My Memories of Traveling While Black

My Memories of Traveling While Black

"I don't think I'm better than you. I have as much trouble with my hair as any girl. My White mother didn't know what to do with it and these eyes? I don't think that they do anything to MAKE me a better person."

The chaperone, a Black woman, scanned the faces of the two girls, as well as mine, to get a handle of the situation. She breathed in deeply through her nose and closed her eyes. I'm sure she considered that traveling with Black students down to the country some 200 miles south of home was going to be an issue. I just don't think she thought that this would be the issue.

She said nothing and let my comment ride it out. The girls, only a few years younger than I at the time, looked embarrassed that I said something. Not that I heard them. That was done on purpose. I was meant to hear it. But I wasn't meant to respond.

Traveling down South gave me plenty of opportunity to hear those exact words from Black girls darker than I. They told me I could pass the Paper Bag test, a colorism issue for many Black folks, and they teased me for it.

Though the brown paper bag test is antiquated and frowned upon as a shameful moment in African-American history, the ideals behind the practice still lingers in the African-American community. Modern-day colorism rears its ugly head in the day to day lives of Black Americans every day. - Rivea Ruff

It would be the number one reason my sister and I would ever fight anyone and, believe me, girls went straight for my scalp to pull out my hair when that happened. We didn't tell our parents about every incident because we thought we'd be in trouble for it. It wasn't until Spike Lee's 1988 movie School Daze that I realized just how big an issue of colorism this was. That became even more clear after reading Toni Morrison's The Bluest Eye while I was in college.

My mother likes to cut pictures out into shapes. More importantly, she helped me be proud of all my heritage.

It is why, even as light as I am, that I cannot wake up one day and forget about color. If I turned too brown in the summer months I was accused of "trying to be Black" or when the winter months of paleness got me teased in the other direction. "You are so White." or worse, "You're high yella."

On our way down South we took sandwiches so we wouldn't have to stop. On more than one occasion, my father would have to assess a situation before we stopped to ensure that we wouldn't be harassed for being with him. By the time the sun got to us at the end of the summer, we looked more like we "belonged" with him and didn't get asked by strangers if we were supposed to be with him. There was freedom in our trips back home to Chicago and the nuance of that was lost on me as a child. Sure, it was exciting to finally be going home, but the freedom of the ride? I didn't understand that as a child.

The implication that our father kidnapped us was a constant reminder that this nation didn't recognize us as a family. Moreso this was an issue with me and not my sister who is darker with brown eyes. When it did happen, though, it only ever came from White adults, mostly women whose children were nearby. 

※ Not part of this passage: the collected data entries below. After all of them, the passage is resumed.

lemma dyadic_grid_bispanner:
  fixes r :: "'a \<Rightarrow> nat" and lo hi :: "'b \<Rightarrow> nat"
    and ylo yhi :: "'a \<Rightarrow> real" and y :: "'b \<Rightarrow> real"
  assumes "finite A" "finite B" "\<forall>a\<in>A. r a < N" "\<forall>b\<in>B. hi b \<le> N"
  shows "\<exists>K. bipartite_3hop_spanner
               {(a, b) \<in> A \<times> B. lo b \<le> r a \<and> r a < hi b \<and> ylo a \<le> y b \<and> y b \<le> yhi a} K \<and>
             card K \<le> (card A + 16 * card B) * floorlog 2 N"
proof -
  define L where "L = floorlog 2 N"
  define Idx where "Idx = {..<L} \<times> {..<N}"
  define Ab where "Ab j k = {a \<in> A. r a div 2 ^ j = k}" for j k
  define Bb where "Bb j k = {b \<in> B. canonical_block (lo b) (hi b) j k}" for j k
  define Rb where "Rb j k = {(a, b) \<in> Ab j k \<times> Bb j k. ylo a \<le> y b \<and> y b \<le> yhi a}" for j k
  have "finite (Ab j k)" "finite (Bb j k)" for j k
    using assms(1,2) by (simp_all add: Ab_def Bb_def)
  then have "\<forall>j k. \<exists>K. bipartite_3hop_spanner (Rb j k) K \<and> card K \<le> card (Ab j k) + 8 * card (Bb j k)"
    unfolding Rb_def using interval_point_bispanner by blast
  then obtain Kb where Kb: "\<And>j k. bipartite_3hop_spanner (Rb j k) (Kb j k)"
      "\<And>j k. card (Kb j k) \<le> card (Ab j k) + 8 * card (Bb j k)"
    by metis
  have blocks: "(a, b) \<in> (\<Union>(j, k)\<in>Idx. Rb j k) \<longleftrightarrow> a \<in> A \<and> b \<in> B \<and>
      (\<exists>j<L. canonical_block (lo b) (hi b) j (r a div 2 ^ j)) \<and> ylo a \<le> y b \<and> y b \<le> yhi a" for a b
  proof -
    have "r a div 2 ^ j < N" if "a \<in> A" for j
      using assms(3) that div_le_dividend le_less_trans by blast
    then show ?thesis
      by (simp add: Idx_def Rb_def Ab_def Bb_def) blast
  qed
  have interval: "lo b \<le> r a \<and> r a < hi b \<longleftrightarrow> (\<exists>j<L. canonical_block (lo b) (hi b) j (r a div 2 ^ j))"
    if "a \<in> A" "b \<in> B" for a b
    using assms(3,4) that unfolding L_def by (intro mem_interval_iff_canonical_block) auto
  have "{(a, b) \<in> A \<times> B. lo b \<le> r a \<and> r a < hi b \<and> ylo a \<le> y b \<and> y b \<le> yhi a} =
      (\<Union>(j, k)\<in>Idx. Rb j k)" (is "?R = _")
  proof (rule set_eqI)
    fix p :: "'a \<times> 'b"
    show "p \<in> ?R \<longleftrightarrow> p \<in> (\<Union>(j, k)\<in>Idx. Rb j k)"
      using blocks[of "fst p" "snd p"] interval[of "fst p" "snd p"] by (cases p) auto
  qed
  moreover have "card (\<Union>(j, k)\<in>Idx. Kb j k) \<le> (card A + 16 * card B) * L"
  proof -
    have "card (\<Union>(j, k)\<in>Idx. Kb j k) \<le> (\<Sum>(j, k)\<in>Idx. card (Kb j k))"
      by (rule order_trans[OF card_UN_le]) (simp_all add: Idx_def split_def)
    also have "\<dots> \<le> (\<Sum>(j, k)\<in>Idx. card (Ab j k) + 8 * card (Bb j k))"
      by (rule sum_mono) (simp add: split_def Kb(2))
    also have "\<dots> = (\<Sum>(j, k)\<in>Idx. card (Ab j k)) + 8 * (\<Sum>(j, k)\<in>Idx. card (Bb j k))"
      by (simp add: split_def sum.distrib sum_distrib_left)
    also have "\<dots> \<le> (card A + 16 * card B) * L"
      using sum_card_dyadic_classes[OF assms(1,3), of L] sum_card_canonical_classes_le[OF assms(2), where L = L and N = N and lo = lo and hi = hi]
      unfolding Idx_def Ab_def Bb_def by (simp add: algebra_simps)
    finally show ?thesis .
  qed
  ultimately show ?thesis
    using bipartite_3hop_spanner_UN[of Idx "\<lambda>(j, k). Rb j k" "\<lambda>(j, k). Kb j k"] Kb(1)
    unfolding L_def by (auto simp: split_def)
qed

I recall that both of my parents were questioned by friends or family about their intentions of raising us. What I didn't comprehend was the true meaning behind this question. "Are you raising them as Black or White?" was what they didn't say, but it was there. Both gave varied answers that ranged from "We're raising them as children in our family" to the pointed "We're raising them the way the world will see them: as Black." 

Which is how it worked out even visiting our Northern relatives on farms throughout Minnesota, Iowa, and the Dakotas. If I jumped in the pool and my hair magically changed texture I was forced to answer questions about it. Why it does that and what I can make it do and how come it looks so nappy. 

All of this is why I see color in everything, good or bad. I'll take the accusations now because this shaped me and the space I occupy. It's why when, recently, a distant relative on The Cuban's side of the family, someone told a story about accidentally buying one of Hallmark's Mahogany cards. He was telling the story as if it were some joke because HA HA I BOUGHT A BLACK CARD FOR A WHITE PERSON and everyone, including The Cuban's parents, were immediatly uncomfortable and shifted in their seats because why was he telling this story in front of me?